lemma psi1_in_cochains1:
  assumes f: "f \<in> cochains1 Q Z"
  shows "psi1 u w f \<in> cochains1 (glue_quiver Q u w) (glue_rels Q Z u w)"
proof -
  have "finite {x. psi1 u w f x \<noteq> 0}"
    using f by (simp add: psi1_eq_pushforward finite_support_pushforward cochains1_def)
  moreover have "a \<in> arrs (glue_quiver Q u w) \<and> q \<in> basis_paths (glue_quiver Q u w) (glue_rels Q Z u w)
      \<and> parallel (glue_quiver Q u w) (arrow_path (glue_quiver Q u w) a) q"
    if psi: "psi1 u w f (a, q) \<noteq> 0" for a q
  proof -
    obtain \<gamma> where nz: "f (a, \<gamma>) \<noteq> 0" and q: "q = glue_path u w \<gamma>"
      using psi pushforward_nonzeroD[of "glue_path u w" "\<lambda>p. f (a, p)" q] unfolding psi1_slice by blast
    show ?thesis
      using cochains1D[OF f nz] glue_path_in_basis_iff[of Q \<gamma> u w Z] unfolding q
      by (simp add: parallel_arrow_path_iff ptgt_glue_path) (simp add: glue_quiver_def glue_path_def)
  qed
  ultimately show ?thesis by (auto simp: cochains1_def)
qed

lemma psi1_in_ker1:
  assumes mono: "monomial Q Z" and f: "f \<in> ker1 Q Z"
    and loops: "\<forall>c\<in>arrs Q. src Q c = tgt Q c \<and> src Q c \<in> {u, w} \<longrightarrow> f (c, (src Q c, [])) = 0"
  shows "psi1 u w f \<in> ker1 (glue_quiver Q u w) (glue_rels Q Z u w)"
proof -
  have fc: "f \<in> cochains1 Q Z" using f by (simp add: ker1_def)
  have "der_path (glue_quiver Q u w) (glue_rels Q Z u w) (psi1 u w f) r q = 0"
    if "r \<in> glue_rels Q Z u w" for r q
  proof -
    from that consider (old) r0 where "r0 \<in> Z" "r = glue_path u w r0"
      | (new) b c where "r = (gluev u w (src Q c), [c, b])" "b \<in> arrs Q" "c \<in> arrs Q"
          "tgt Q c \<in> {u, w}" "src Q b \<in> {u, w}" "tgt Q c \<noteq> src Q b"
      unfolding glue_rels_def by blast
    then show ?thesis
    proof cases
      case old
      have "is_path Q r0" using mono old(1) by (simp add: monomial_def)
      then show ?thesis using old ker1_der_path_rel_eq_0[OF f] by (simp add: der_path_glue_path[OF fc])
    next
      case new
      then show ?thesis using der_path_new_rel_eq_0[OF fc loops new(2-6)] by simp
    qed
  qed
  then show ?thesis using psi1_in_cochains1[OF fc] by (auto simp: ker1_def delta1_def)
qed

lemma cochain_eq_psi1:
  assumes f: "f \<in> cochains1 Q Z"
  shows "f (a, p) = (if fst p = src Q a then psi1 u w f (a, glue_path u w p) else 0)"
proof (cases "fst p = src Q a")
  case True
  have "psi1 u w f (a, glue_path u w p) = (\<Sum>p' | glue_path u w p' = glue_path u w p. f (a, p'))"
    by (rule psi1_eq_sum_fibre)
  also have "\<dots> = (\<Sum>p'\<in>{p}. f (a, p'))"
  proof (rule sum.mono_neutral_right)
    show "\<forall>p'\<in>{p'. glue_path u w p' = glue_path u w p} - {p}. f (a, p') = 0"
      using cochains1D(4)[OF f] True by (auto simp: glue_path_def prod_eq_iff)
  qed (simp_all add: finite_glue_path_fibre)
  finally show ?thesis using True by simp
next
  case False
  then show ?thesis using cochains1D(4)[OF f, of a p] by auto
qed

lemma inj_on_psi1: "inj_on (psi1 u w) (cochains1 Q Z)"
proof (rule inj_onI, rule ext)
  fix f g x assume "f \<in> cochains1 Q Z" "g \<in> cochains1 Q Z" "psi1 u w f = psi1 u w g"
  then show "f x = g x"
    using cochain_eq_psi1[of f Q Z "fst x" "snd x" u w] cochain_eq_psi1[of g Q Z "fst x" "snd x" u w] by simp
qed

lemma der_glue_psi1_slice:
  assumes f: "f \<in> cochains1 Q Z" and g: "g \<in> cochains1 Q Z"
  shows "der (glue_quiver Q u w) (glue_rels Q Z u w) (psi1 u w f) (\<lambda>e. psi1 u w g (x, e))
       = pushforward (glue_path u w) (der Q Z f (\<lambda>p. g (x, p)))"
  using der_glue_pushforward[OF f finite_cochain_slice[OF g] cochains1D(3)[OF g]]
  by (simp add: psi1_slice)

lemma psi1_bracket:
  assumes f: "f \<in> cochains1 Q Z" and g: "g \<in> cochains1 Q Z"
  shows "psi1 u w (bracket Q Z f g)
       = bracket (glue_quiver Q u w) (glue_rels Q Z u w) (psi1 u w f) (psi1 u w g)"
proof (rule ext, clarify)
  fix x q
  have "psi1 u w (bracket Q Z f g) (x, q)
      = (\<Sum>p | glue_path u w p = q. der Q Z f (\<lambda>e. g (x, e)) p - der Q Z g (\<lambda>e. f (x, e)) p)"
    by (simp add: psi1_eq_sum_fibre bracket_def)
  also have "\<dots> = pushforward (glue_path u w) (der Q Z f (\<lambda>e. g (x, e))) q
      - pushforward (glue_path u w) (der Q Z g (\<lambda>e. f (x, e))) q"
    by (simp add: pushforward_eq_sum_fibre finite_glue_path_fibre sum_subtractf)
  also have "\<dots> = bracket (glue_quiver Q u w) (glue_rels Q Z u w) (psi1 u w f) (psi1 u w g) (x, q)"
    by (simp add: bracket_def der_glue_psi1_slice f g)
  finally show "psi1 u w (bracket Q Z f g) (x, q)
      = bracket (glue_quiver Q u w) (glue_rels Q Z u w) (psi1 u w f) (psi1 u w g) (x, q)" .
qed

lemma psi1_ppow:
  assumes mono: "monomial Q Z" and f: "f \<in> cochains1 Q Z"
  shows "psi1 u w (ppow Q Z n f) = ppow (glue_quiver Q u w) (glue_rels Q Z u w) n (psi1 u w f)"
proof (rule ext, clarify)
  fix x q
  have "psi1 u w (ppow Q Z n f) (x, q) = pushforward (glue_path u w) ((der Q Z f ^^ (n - 1)) (\<lambda>p. f (x, p))) q"
    by (simp add: psi1_slice ppow_def)
  also have "\<dots> = (der (glue_quiver Q u w) (glue_rels Q Z u w) (psi1 u w f) ^^ (n - 1))
      (pushforward (glue_path u w) (\<lambda>p. f (x, p))) q"
    by (simp add: funpow_der_glue_pushforward[OF mono f finite_cochain_slice[OF f] cochains1D(3)[OF f]])
  also have "\<dots> = ppow (glue_quiver Q u w) (glue_rels Q Z u w) n (psi1 u w f) (x, q)"
    by (simp add: ppow_def psi1_slice)
  finally show "psi1 u w (ppow Q Z n f) (x, q) = ppow (glue_quiver Q u w) (glue_rels Q Z u w) n (psi1 u w f) (x, q)" .
qed

theorem proposition3p12:
  fixes Q :: "('v, 'a) quiver" and Z :: "('v, 'a) qpath set" and u w :: 'v
  assumes mono: "monomial Q Z"
    and u: "u \<in> verts Q" and w: "w \<in> verts Q" and uw: "u \<noteq> w"
    and niu: "non_isolated Q u" and niw: "non_isolated Q w"
    and loops: "\<forall>\<alpha>\<in>arrs Q. \<forall>m::nat. 2 \<le> m \<and> src Q \<alpha> = tgt Q \<alpha> \<and> src Q \<alpha> \<in> {u, w}
                   \<and> (src Q \<alpha>, replicate m \<alpha>) \<in> Z \<longrightarrow> \<not> CHAR('k::field) dvd m"
  defines "KA \<equiv> (ker1 Q Z :: ('a \<times> ('v, 'a) qpath \<Rightarrow> 'k) set)"
    and "KB \<equiv> (ker1 (glue_quiver Q u w) (glue_rels Q Z u w) :: ('a \<times> ('v, 'a) qpath \<Rightarrow> 'k) set)"
  shows "(\<forall>f\<in>KA. psi1 u w f \<in> KB)
    \<and> inj_on (psi1 u w) KA
    \<and> (\<forall>f\<in>KA. \<forall>g\<in>KA. psi1 u w (\<lambda>x. f x + g x) = (\<lambda>x. psi1 u w f x + psi1 u w g x))
    \<and> (\<forall>f\<in>KA. \<forall>c::'k. psi1 u w (\<lambda>x. c * f x) = (\<lambda>x. c * psi1 u w f x))
    \<and> (\<forall>f\<in>KA. \<forall>g\<in>KA. psi1 u w (bracket Q Z f g) = bracket (glue_quiver Q u w) (glue_rels Q Z u w) (psi1 u w f) (psi1 u w g))
    \<and> (0 < CHAR('k) \<longrightarrow>
        (\<forall>f\<in>KA. psi1 u w (ppow Q Z CHAR('k) f) = ppow (glue_quiver Q u w) (glue_rels Q Z u w) CHAR('k) (psi1 u w f)))"
proof -
  have cochains: "KA \<subseteq> cochains1 Q Z" by (auto simp: KA_def ker1_def)
  have "psi1 u w f \<in> KB" if f: "f \<in> KA" for f
    unfolding KB_def
  proof (rule psi1_in_ker1[OF mono])
    show "f \<in> ker1 Q Z" using f by (simp add: KA_def)
    then show "\<forall>c\<in>arrs Q. src Q c = tgt Q c \<and> src Q c \<in> {u, w} \<longrightarrow> f (c, (src Q c, [])) = 0"
      using ker1_loop_vanishes[OF mono] loops by blast
  qed
  moreover have "inj_on (psi1 u w) KA"
    using inj_on_psi1 cochains by (rule inj_on_subset)
  moreover have "psi1 u w (bracket Q Z f g)
      = bracket (glue_quiver Q u w) (glue_rels Q Z u w) (psi1 u w f) (psi1 u w g)"
    if "f \<in> KA" "g \<in> KA" for f g
    using that cochains by (intro psi1_bracket) auto
  moreover have "psi1 u w (ppow Q Z n f) = ppow (glue_quiver Q u w) (glue_rels Q Z u w) n (psi1 u w f)"
    if "f \<in> KA" for f n
    using that cochains by (intro psi1_ppow[OF mono]) auto
  ultimately show ?thesis by (simp add: psi1_add psi1_scale)
qed

end
theorem proposition3:
  fixes f :: "real^'n \<Rightarrow> 'u::topological_space \<Rightarrow> real^'m \<Rightarrow> real^'n"
    and h :: "real^'n \<Rightarrow> 'u \<Rightarrow> real^'p"
    and X :: "(real^'n) set" and UU :: "'u set" and W :: "(real^'m) set" and V :: "(real^'p) set"
    and U :: "real^'n \<Rightarrow> real^'n \<Rightarrow> real"
    and P1 P2 :: "real^'n^'n" and Sw :: "real^'m^'m" and Sy :: "real^'p^'p"
    and \<eta> :: real
    and Q :: "real^'m^'m" and R :: "real^'p^'p"
    and t1 t2 :: nat
  assumes f_cont: "continuous_on (X \<times> UU \<times> W) (\<lambda>(x, u, w). f x u w)"
    and h_cont: "continuous_on (X \<times> UU) (\<lambda>(x, u). h x u)"
    and W0: "0 \<in> W"
    and f_inv: "\<And>x u w. x \<in> X \<Longrightarrow> u \<in> UU \<Longrightarrow> w \<in> W \<Longrightarrow> f x u w \<in> X"
    and U_cont: "continuous_on (X \<times> X) (\<lambda>(x1, x2). U x1 x2)"
    and U_nonneg: "\<And>x1 x2. x1 \<in> X \<Longrightarrow> x2 \<in> X \<Longrightarrow> U x1 x2 \<ge> 0"
    and P1: "posdef P1" and P2: "posdef P2" and Sw: "posdef Sw" and Sy: "posdef Sy"
    and eta: "0 \<le> \<eta>" "\<eta> < 1"
    and U_bounds: "\<And>x1 x2. x1 \<in> X \<Longrightarrow> x2 \<in> X \<Longrightarrow>
        qnorm2 P1 (x1 - x2) \<le> U x1 x2 \<and> U x1 x2 \<le> qnorm2 P2 (x1 - x2)"
    and U_decr: "\<And>x1 x2 u w1 w2. x1 \<in> X \<Longrightarrow> x2 \<in> X \<Longrightarrow> u \<in> UU \<Longrightarrow> w1 \<in> W \<Longrightarrow> w2 \<in> W \<Longrightarrow>
        U (f x1 u w1) (f x2 u w2) \<le> \<eta> * U x1 x2 + qnorm2 Sw (w1 - w2) + qnorm2 Sy (h x1 u - h x2 u)"
    and Q: "posdef Q" and R: "posdef R"
    and t12: "t1 \<le> t2"
  shows "\<exists>C1 C2 C3. C1 > 0 \<and> C2 > 0 \<and> C3 > 0 \<and>
    (\<forall>x xh u w wh v y. x 0 \<in> X \<and> xh 0 \<in> X \<and> (\<forall>j. u j \<in> UU) \<and> (\<forall>j. w j \<in> W) \<and>
        (\<forall>j. wh j \<in> W) \<and> (\<forall>j. v j \<in> V) \<and>
        (\<forall>j. x (Suc j) = f (x j) (u j) (w j)) \<and> (\<forall>j. y j = h (x j) (u j) + v j) \<and>
        (\<forall>j. xh (Suc j) = f (xh j) (u j) (wh j)) \<longrightarrow>
      (\<forall>\<tau>\<in>{t1..t2}.
        (norm (x \<tau> - xh \<tau>))^2 \<le> C1 * \<eta> ^ (\<tau> - t1) * (norm (x t1 - xh t1))^2
          + C2 * noise_max w v t1 \<tau>
          + C3 * (\<Sum>j\<in>{t1..<t2}. qnorm2 Q (wh j) + qnorm2 R (y j - h (xh j) (u j)))))"
proof -
  obtain A B where A: "A > 0" and B: "B > 0" and increment: "\<And>x1 x2 u w1 w2 v.
      x1 \<in> X \<Longrightarrow> x2 \<in> X \<Longrightarrow> u \<in> UU \<Longrightarrow> w1 \<in> W \<Longrightarrow> w2 \<in> W \<Longrightarrow>
      U (f x1 u w1) (f x2 u w2) \<le> \<eta> * U x1 x2 + A * ((norm w1)^2 + (norm v)^2)
        + B * (qnorm2 Q w2 + qnorm2 R (h x1 u + v - h x2 u))"
    using iIOSS_increment_le_stage_cost[where f = f and h = h and U = U, OF U_decr Q R] by blast
  obtain p1 where p1: "p1 > 0" "\<And>z. p1 * (norm z)^2 \<le> qnorm2 P1 z"
    using posdef_qnorm2_ge_norm_power2[OF P1] by blast
  obtain p2 where p2: "p2 > 0" "\<And>z. qnorm2 P2 z \<le> p2 * (norm z)^2"
    using qnorm2_le_norm_power2 by blast
  show ?thesis
  proof (intro exI conjI allI impI ballI)
    show "p2 / p1 > 0" "2 * A / ((1 - \<eta>) * p1) > 0" "B / p1 > 0"
      using A B p1 p2 eta by simp_all
    fix x xh u w wh v y \<tau>
    assume traj: "x 0 \<in> X \<and> xh 0 \<in> X \<and> (\<forall>j. u j \<in> UU) \<and> (\<forall>j. w j \<in> W) \<and>
        (\<forall>j. wh j \<in> W) \<and> (\<forall>j. v j \<in> V) \<and>
        (\<forall>j. x (Suc j) = f (x j) (u j) (w j)) \<and> (\<forall>j. y j = h (x j) (u j) + v j) \<and>
        (\<forall>j. xh (Suc j) = f (xh j) (u j) (wh j))"
      and \<tau>: "\<tau> \<in> {t1..t2}"
    have x: "x j \<in> X" and xh: "xh j \<in> X" for j
      by (induction j) (use traj f_inv in auto)
    define cost where "cost j = qnorm2 Q (wh j) + qnorm2 R (y j - h (xh j) (u j))" for j
    have "U (x (Suc j)) (xh (Suc j)) \<le> \<eta> * U (x j) (xh j)
        + A * ((norm (w j))^2 + (norm (v j))^2) + B * cost j" for j
      using increment[OF x[of j] xh[of j], of "u j" "w j" "wh j" "v j"] traj by (simp add: cost_def)
    moreover have "0 \<le> cost j" for j
      using posdef_qnorm2_nonneg[OF Q] posdef_qnorm2_nonneg[OF R] by (simp add: cost_def)
    ultimately have "U (x \<tau>) (xh \<tau>) \<le> \<eta> ^ (\<tau> - t1) * U (x t1) (xh t1)
        + 2 * A * noise_max w v t1 \<tau> / (1 - \<eta>) + B * (\<Sum>j\<in>{t1..<t2}. cost j)"
      using \<tau> eta A B by (intro dissipation_bound_noise_max) auto
    moreover have "p1 * (norm (x \<tau> - xh \<tau>))^2 \<le> U (x \<tau>) (xh \<tau>)"
      using U_bounds[OF x xh] p1(2) order_trans by blast
    moreover have "\<eta> ^ (\<tau> - t1) * U (x t1) (xh t1) \<le> \<eta> ^ (\<tau> - t1) * (p2 * (norm (x t1 - xh t1))^2)"
      using U_bounds[OF x xh] p2(2) eta by (intro mult_left_mono) (auto intro: order_trans)
    ultimately have "p1 * (norm (x \<tau> - xh \<tau>))^2 \<le> p2 * \<eta> ^ (\<tau> - t1) * (norm (x t1 - xh t1))^2
        + 2 * A * noise_max w v t1 \<tau> / (1 - \<eta>) + B * (\<Sum>j\<in>{t1..<t2}. cost j)"
      by (simp add: algebra_simps)
    also have "\<dots> = p1 * (p2 / p1 * \<eta> ^ (\<tau> - t1) * (norm (x t1 - xh t1))^2
        + 2 * A / ((1 - \<eta>) * p1) * noise_max w v t1 \<tau> + B / p1 * (\<Sum>j\<in>{t1..<t2}. cost j))"
      using p1(1) eta(2) by (simp add: field_simps)
    finally show "(norm (x \<tau> - xh \<tau>))^2 \<le> p2 / p1 * \<eta> ^ (\<tau> - t1) * (norm (x t1 - xh t1))^2
        + 2 * A / ((1 - \<eta>) * p1) * noise_max w v t1 \<tau>
        + B / p1 * (\<Sum>j\<in>{t1..<t2}. qnorm2 Q (wh j) + qnorm2 R (y j - h (xh j) (u j)))"
      using p1(1) by (simp add: cost_def)
  qed
qed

****************

## ASSIGNMENT
Where a line in the listing above contains "ultimately", copy that line.

## SOLVED EXERCISE
  ultimately show ?thesis by (auto simp: cochains1_def)
  ultimately show ?thesis by (simp add: psi1_add psi1_scale)
    ultimately have "U (x \<tau>) (xh \<tau>) \<le> \<eta> ^ (\<tau> - t1) * U (x t1) (xh t1)
    ultimately have "p1 * (norm (x \<tau> - xh \<tau>))^2 \<le> p2 * \<eta> ^ (\<tau> - t1) * (norm (x t1 - xh t1))^2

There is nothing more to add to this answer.